_What to work on_
Output the data below line for line, exactly, up to and including the line where "xA x i = x i" appears.

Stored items

________________________

(* Assume $n\ge3$. Then every zero of $F$ that lies strictly between two zeros of $g$ (i.e. between two singularities of $F$) is not acceptable.
   Context: Data: an integer $N\ge 2$, reals $x_A<x_B$, $R=x_B-x_A$, and bins $i=1,\dots,N$ with widths $\Delta x_i>0$ and centers $x_i$ that tile $[x_A,x_B]$ contiguously in increasing order, so that $x_1-x_A=\Delta x_1/2$, $x_N-x_A=R-\Delta x_N/2$ and $0<x_1-x_A<\dots<x_N-x_A<R$. The counts are $y_i\in\{0,1,2,\dots\}$, $M=\sum_i y_i$, and $n$ is the number of indices with $y_i\ge1$. Write $d_i=x_i-x_A$. Define $$g(a)=\sum_{i=1}^N y_i\frac{d_i}{1+a d_i}$$ for $a\notin\{-1/d_i: y_i\ge 1\}$; these excluded points are the poles of $g$. Define $$F(a)=1+\frac R2\Big(a-\frac{M}{g(a)}\Big)$$ wherever $g(a)$ is finite and nonzero. At poles of $g$, $F(a)=1+aR/2$ by continuity. Let $\lambda(a)=M/(R(1+aR/2))$ for $a\neq-2/R$. A zero $a^*$ of $F$ is called acceptable if $a^*\ne-2/R$ and $\lambda(a^* )(1+a^*d_i)\ge0$ for all $i$, i.e. the linear model $f(x)=\lambda(1+a(x-x_A))$ with $(a,\lambda)=(a^*,\lambda(a^* ))$ has non-negative Poisson means $\mu_i=f(x_i)\Delta x_i$ in every bin. *)

theory Defs
  imports Complex_Main
begin

text \<open>Bins are indexed by i = 1..N; bin i has centre x i and width dx i.
  The bins tile [xA, xB] contiguously in increasing order: bin i is the
  interval [x i - dx i / 2, x i + dx i / 2].\<close>

definition bins_tile :: "nat \<Rightarrow> real \<Rightarrow> real \<Rightarrow> (nat \<Rightarrow> real) \<Rightarrow> (nat \<Rightarrow> real) \<Rightarrow> bool" where
  "bins_tile N xA xB x dx \<longleftrightarrow>
     (\<forall>i\<in>{1..N}. dx i > 0) \<and>
     x 1 - dx 1 / 2 = xA \<and>
     x N + dx N / 2 = xB \<and>
     (\<forall>i. 1 \<le> i \<and> i < N \<longrightarrow> x i + dx i / 2 = x (Suc i) - dx (Suc i) / 2)"

definition dd :: "real \<Rightarrow> (nat \<Rightarrow> real) \<Rightarrow> nat \<Rightarrow> real" where
  "dd xA x i = x i - xA"

definition totM :: "nat \<Rightarrow> (nat \<Rightarrow> nat) \<Rightarrow> real" where
  "totM N y = (\<Sum>i=1..N. real (y i))"

definition nonempty_bins :: "nat \<Rightarrow> (nat \<Rightarrow> nat) \<Rightarrow> nat" where
  "nonempty_bins N y = card {i\<in>{1..N}. y i \<ge> 1}"

definition is_pole :: "nat \<Rightarrow> real \<Rightarrow> (nat \<Rightarrow> real) \<Rightarrow> (nat \<Rightarrow> nat) \<Rightarrow> real \<Rightarrow> bool" where
  "is_pole N xA x y a \<longleftrightarrow> (\<exists>i\<in>{1..N}. y i \<ge> 1 \<and> a = - 1 / dd xA x i)"

definition gfun :: "nat \<Rightarrow> real \<Rightarrow> (nat \<Rightarrow> real) \<Rightarrow> (nat \<Rightarrow> nat) \<Rightarrow> real \<Rightarrow> real" where
  "gfun N xA x y a = (\<Sum>i=1..N. real (y i) * dd xA x i / (1 + a * dd xA x i))"

definition g_zero :: "nat \<Rightarrow> real \<Rightarrow> (nat \<Rightarrow> real) \<Rightarrow> (nat \<Rightarrow> nat) \<Rightarrow> real \<Rightarrow> bool" where
  "g_zero N xA x y a \<longleftrightarrow> \<not> is_pole N xA x y a \<and> gfun N xA x y a = 0"

text \<open>F is defined at poles of g (by continuity) and where g is finite and nonzero.\<close>
definition F_defined :: "nat \<Rightarrow> real \<Rightarrow> (nat \<Rightarrow> real) \<Rightarrow> (nat \<Rightarrow> nat) \<Rightarrow> real \<Rightarrow> bool" where
  "F_defined N xA x y a \<longleftrightarrow> is_pole N xA x y a \<or> gfun N xA x y a \<noteq> 0"

definition Ffun :: "nat \<Rightarrow> real \<Rightarrow> real \<Rightarrow> (nat \<Rightarrow> real) \<Rightarrow> (nat \<Rightarrow> nat) \<Rightarrow> real \<Rightarrow> real" where
  "Ffun N xA xB x y a =
     (if is_pole N xA x y a then 1 + a * (xB - xA) / 2
      else 1 + (xB - xA) / 2 * (a - totM N y / gfun N xA x y a))"

definition F_zero :: "nat \<Rightarrow> real \<Rightarrow> real \<Rightarrow> (nat \<Rightarrow> real) \<Rightarrow> (nat \<Rightarrow> nat) \<Rightarrow> real \<Rightarrow> bool" where
  "F_zero N xA xB x y a \<longleftrightarrow> F_defined N xA x y a \<and> Ffun N xA xB x y a = 0"

definition lam :: "nat \<Rightarrow> real \<Rightarrow> real \<Rightarrow> (nat \<Rightarrow> nat) \<Rightarrow> real \<Rightarrow> real" where
  "lam N xA xB y a = totM N y / ((xB - xA) * (1 + a * (xB - xA) / 2))"

definition acceptable :: "nat \<Rightarrow> real \<Rightarrow> real \<Rightarrow> (nat \<Rightarrow> real) \<Rightarrow> (nat \<Rightarrow> nat) \<Rightarrow> real \<Rightarrow> bool" where
  "acceptable N xA xB x y a \<longleftrightarrow>
     a \<noteq> - 2 / (xB - xA) \<and>
     (\<forall>i\<in>{1..N}. lam N xA xB y a * (1 + a * dd xA x i) \<ge> 0)"

end

theory Submission
  imports Defs
begin

text \<open>Every zero z of g satisfies 1 + z d_1 > 0 > 1 + z d_N: otherwise all denominators
  1 + z d_i would share one sign (the d_i are positive and increasing), and g z, a sum of
  terms of that sign with at least one nonzero term, could not vanish. A zero a of F lying
  between two zeros of g therefore inherits 1 + a d_1 > 0 > 1 + a d_N, so the model mean
  changes sign across the bins unless \<lambda>(a) = 0, which is impossible since M > 0.\<close>

lemma bins_tile_centre_less_Suc:
  assumes "bins_tile N xA xB x dx" "1 \<le> i" "i < N"
  shows "x i < x (Suc i)"
proof -
  have "dx i > 0" "dx (Suc i) > 0" "x i + dx i / 2 = x (Suc i) - dx (Suc i) / 2"
    using assms unfolding bins_tile_def by auto
  then show ?thesis by linarith
qed

lemma bins_tile_centre_mono:
  assumes "bins_tile N xA xB x dx" "1 \<le> i" "i \<le> j" "j \<le> N"
  shows "x i \<le> x j"
  using assms(3,4)
proof (induction j rule: dec_induct)
  case base
  then show ?case by simp
next
  case (step k)
  then have "x i \<le> x k" by simp
  also have "x k < x (Suc k)" using bins_tile_centre_less_Suc[OF assms(1)] step assms(2) by simp
  finally show ?case by simp
qed

lemma bins_tile_dd_bounds:
  assumes "bins_tile N xA xB x dx" "i \<in> {1..N}"
  shows "0 < dd xA x 1" "dd xA x 1 \<le> dd xA x i" "dd xA x i \<le> dd xA x N"
proof -
  have "dx 1 > 0" "x 1 - dx 1 / 2 = xA"
    using assms unfolding bins_tile_def by auto
  then show "0 < dd xA x 1" by (simp add: dd_def)
  show "dd xA x 1 \<le> dd xA x i"
    using bins_tile_centre_mono[OF assms(1), of 1 i] assms(2) by (simp add: dd_def)
  show "dd xA x i \<le> dd xA x N"
    using bins_tile_centre_mono[OF assms(1), of i N] assms(2) by (simp add: dd_def)
qed

lemma totM_pos:
  assumes "k \<in> {1..N}" "y k \<ge> 1"
  shows "totM N y > 0"
  unfolding totM_def using assms by (intro sum_pos2[of _ k]) auto

lemma g_zero_denominator_nonzero:
  assumes "g_zero N xA x y z" "i \<in> {1..N}" "y i \<ge> 1"
  shows "1 + z * dd xA x i \<noteq> 0"
proof
  assume root: "1 + z * dd xA x i = 0"
  then have "dd xA x i \<noteq> 0" by auto
  with root have "z = - 1 / dd xA x i" by (simp add: field_simps)
  then have "is_pole N xA x y z" unfolding is_pole_def using assms(2,3) by blast
  with assms(1) show False unfolding g_zero_def by simp
qed

lemma gfun_neg:
  assumes "\<And>i. i \<in> {1..N} \<Longrightarrow> dd xA x i > 0"
    and "\<And>i. i \<in> {1..N} \<Longrightarrow> 1 + z * dd xA x i \<le> 0"
    and "k \<in> {1..N}" "y k \<ge> 1" "1 + z * dd xA x k \<noteq> 0"
  shows "gfun N xA x y z < 0"
proof -
  have "1 + z * dd xA x k < 0" using assms(2)[OF assms(3)] assms(5) by linarith
  then have "0 < - (real (y k) * dd xA x k / (1 + z * dd xA x k))"
    using assms(1)[OF assms(3)] assms(4) by (simp add: divide_pos_neg)
  moreover have "0 \<le> - (real (y i) * dd xA x i / (1 + z * dd xA x i))" if "i \<in> {1..N}" for i
    using assms(1,2)[OF that] by (simp add: divide_nonneg_nonpos)
  ultimately have "0 < (\<Sum>i=1..N. - (real (y i) * dd xA x i / (1 + z * dd xA x i)))"
    using assms(3) by (intro sum_pos2[of _ k]) auto
  then show ?thesis unfolding gfun_def by (simp add: sum_negf)
qed

lemma gfun_pos:
  assumes "\<And>i. i \<in> {1..N} \<Longrightarrow> dd xA x i > 0"
    and "\<And>i. i \<in> {1..N} \<Longrightarrow> 1 + z * dd xA x i \<ge> 0"
    and "k \<in> {1..N}" "y k \<ge> 1" "1 + z * dd xA x k \<noteq> 0"
  shows "gfun N xA x y z > 0"
proof -
  have "1 + z * dd xA x k > 0" using assms(2)[OF assms(3)] assms(5) by linarith
  then have "0 < real (y k) * dd xA x k / (1 + z * dd xA x k)"
    using assms(1)[OF assms(3)] assms(4) by simp
  moreover have "0 \<le> real (y i) * dd xA x i / (1 + z * dd xA x i)" if "i \<in> {1..N}" for i
    using assms(1,2)[OF that] by simp
  ultimately show ?thesis
    unfolding gfun_def using assms(3) by (intro sum_pos2[of _ k]) auto
qed

lemma g_zero_first_denominator_pos:
  assumes "bins_tile N xA xB x dx" "k \<in> {1..N}" "y k \<ge> 1" "g_zero N xA x y z"
  shows "1 + z * dd xA x 1 > 0"
proof (rule ccontr)
  assume first: "\<not> 1 + z * dd xA x 1 > 0"
  note d = bins_tile_dd_bounds[OF assms(1)]
  have "z \<le> 0" using first d(1)[OF assms(2)] by (smt (verit) mult_pos_pos)
  then have "1 + z * dd xA x i \<le> 0" if "i \<in> {1..N}" for i
    using first mult_left_mono_neg[OF d(2)[OF that] \<open>z \<le> 0\<close>] by simp
  then have "gfun N xA x y z < 0"
    using d assms(2,3) g_zero_denominator_nonzero[OF assms(4,2,3)]
    by (intro gfun_neg) force+
  with assms(4) show False unfolding g_zero_def by simp
qed

lemma g_zero_last_denominator_neg:
  assumes "bins_tile N xA xB x dx" "k \<in> {1..N}" "y k \<ge> 1" "g_zero N xA x y z"
  shows "1 + z * dd xA x N < 0"
proof (rule ccontr)
  assume last: "\<not> 1 + z * dd xA x N < 0"
  note d = bins_tile_dd_bounds[OF assms(1)]
  have "1 + z * dd xA x i \<ge> 0" if "i \<in> {1..N}" for i
  proof (cases "z \<ge> 0")
    case True
    then show ?thesis using d(1,2)[OF that] by simp
  next
    case False
    then have "z * dd xA x N \<le> z * dd xA x i" using d(3)[OF that] by (simp add: mult_left_mono_neg)
    then show ?thesis using last by simp
  qed
  then have "gfun N xA x y z > 0"
    using d assms(2,3) g_zero_denominator_nonzero[OF assms(4,2,3)]
    by (intro gfun_pos) force+
  with assms(4) show False unfolding g_zero_def by simp
qed

lemma not_acceptable_if_sign_change:
  assumes "xA < xB" "k \<in> {1..N}" "y k \<ge> 1"
    and "1 + a * dd xA x 1 > 0" "1 + a * dd xA x N < 0"
  shows "\<not> acceptable N xA xB x y a"
proof
  assume acc: "acceptable N xA xB x y a"
  have "1 + a * (xB - xA) / 2 \<noteq> 0"
    using acc assms(1) unfolding acceptable_def by (auto simp: field_simps)
  then have "lam N xA xB y a \<noteq> 0"
    using totM_pos[of k N y] assms(1-3) unfolding lam_def by simp
  moreover have "lam N xA xB y a * (1 + a * dd xA x 1) \<ge> 0"
    and "lam N xA xB y a * (1 + a * dd xA x N) \<ge> 0"
    using acc assms(2) unfolding acceptable_def by auto
  ultimately show False
    using assms(4,5) by (smt (verit) mult_neg_pos mult_pos_neg zero_less_mult_iff)
qed

theorem mainTheorem8:
  fixes N :: nat and xA xB :: real and x dx :: "nat \<Rightarrow> real" and y :: "nat \<Rightarrow> nat"
    and a z1 z2 :: real
  assumes "N \<ge> 2" and "xA < xB"
    and "bins_tile N xA xB x dx"
    and "nonempty_bins N y \<ge> 3"
    and "F_zero N xA xB x y a"
    and "g_zero N xA x y z1" and "g_zero N xA x y z2"
    and "z1 < a" and "a < z2"
  shows "\<not> acceptable N xA xB x y a"
proof -
  obtain k where k: "k \<in> {1..N}" "y k \<ge> 1"
    using assms(4) unfolding nonempty_bins_def by (metis (no_types, lifting) card.empty
        empty_Collect_eq not_numeral_le_zero)
  have N: "1 \<in> {1..N}" "N \<in> {1..N}" using assms(1) by auto
  note d = bins_tile_dd_bounds[OF assms(3)]
  have "1 + a * dd xA x 1 > 0"
    using g_zero_first_denominator_pos[OF assms(3) k assms(6)] assms(8) d(1)[OF N(1)]
    by (smt (verit) mult_strict_right_mono)
  moreover have "1 + a * dd xA x N < 0"
    using g_zero_last_denominator_neg[OF assms(3) k assms(7)] assms(9) d(1,2)[OF N(2)]
    by (smt (verit) mult_strict_right_mono)
  ultimately show ?thesis
    by (rule not_acceptable_if_sign_change[OF assms(2) k(1), of y, OF k(2)])
qed

end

________________________

_Solution to this task_
(* Assume $n\ge3$. Then every zero of $F$ that lies strictly between two zeros of $g$ (i.e. between two singularities of $F$) is not acceptable.
   Context: Data: an integer $N\ge 2$, reals $x_A<x_B$, $R=x_B-x_A$, and bins $i=1,\dots,N$ with widths $\Delta x_i>0$ and centers $x_i$ that tile $[x_A,x_B]$ contiguously in increasing order, so that $x_1-x_A=\Delta x_1/2$, $x_N-x_A=R-\Delta x_N/2$ and $0<x_1-x_A<\dots<x_N-x_A<R$. The counts are $y_i\in\{0,1,2,\dots\}$, $M=\sum_i y_i$, and $n$ is the number of indices with $y_i\ge1$. Write $d_i=x_i-x_A$. Define $$g(a)=\sum_{i=1}^N y_i\frac{d_i}{1+a d_i}$$ for $a\notin\{-1/d_i: y_i\ge 1\}$; these excluded points are the poles of $g$. Define $$F(a)=1+\frac R2\Big(a-\frac{M}{g(a)}\Big)$$ wherever $g(a)$ is finite and nonzero. At poles of $g$, $F(a)=1+aR/2$ by continuity. Let $\lambda(a)=M/(R(1+aR/2))$ for $a\neq-2/R$. A zero $a^*$ of $F$ is called acceptable if $a^*\ne-2/R$ and $\lambda(a^* )(1+a^*d_i)\ge0$ for all $i$, i.e. the linear model $f(x)=\lambda(1+a(x-x_A))$ with $(a,\lambda)=(a^*,\lambda(a^* ))$ has non-negative Poisson means $\mu_i=f(x_i)\Delta x_i$ in every bin. *)

theory Defs
  imports Complex_Main
begin

text \<open>Bins are indexed by i = 1..N; bin i has centre x i and width dx i.
  The bins tile [xA, xB] contiguously in increasing order: bin i is the
  interval [x i - dx i / 2, x i + dx i / 2].\<close>

definition bins_tile :: "nat \<Rightarrow> real \<Rightarrow> real \<Rightarrow> (nat \<Rightarrow> real) \<Rightarrow> (nat \<Rightarrow> real) \<Rightarrow> bool" where
  "bins_tile N xA xB x dx \<longleftrightarrow>
     (\<forall>i\<in>{1..N}. dx i > 0) \<and>
     x 1 - dx 1 / 2 = xA \<and>
     x N + dx N / 2 = xB \<and>
     (\<forall>i. 1 \<le> i \<and> i < N \<longrightarrow> x i + dx i / 2 = x (Suc i) - dx (Suc i) / 2)"

definition dd :: "real \<Rightarrow> (nat \<Rightarrow> real) \<Rightarrow> nat \<Rightarrow> real" where
  "dd xA x i = x i - xA"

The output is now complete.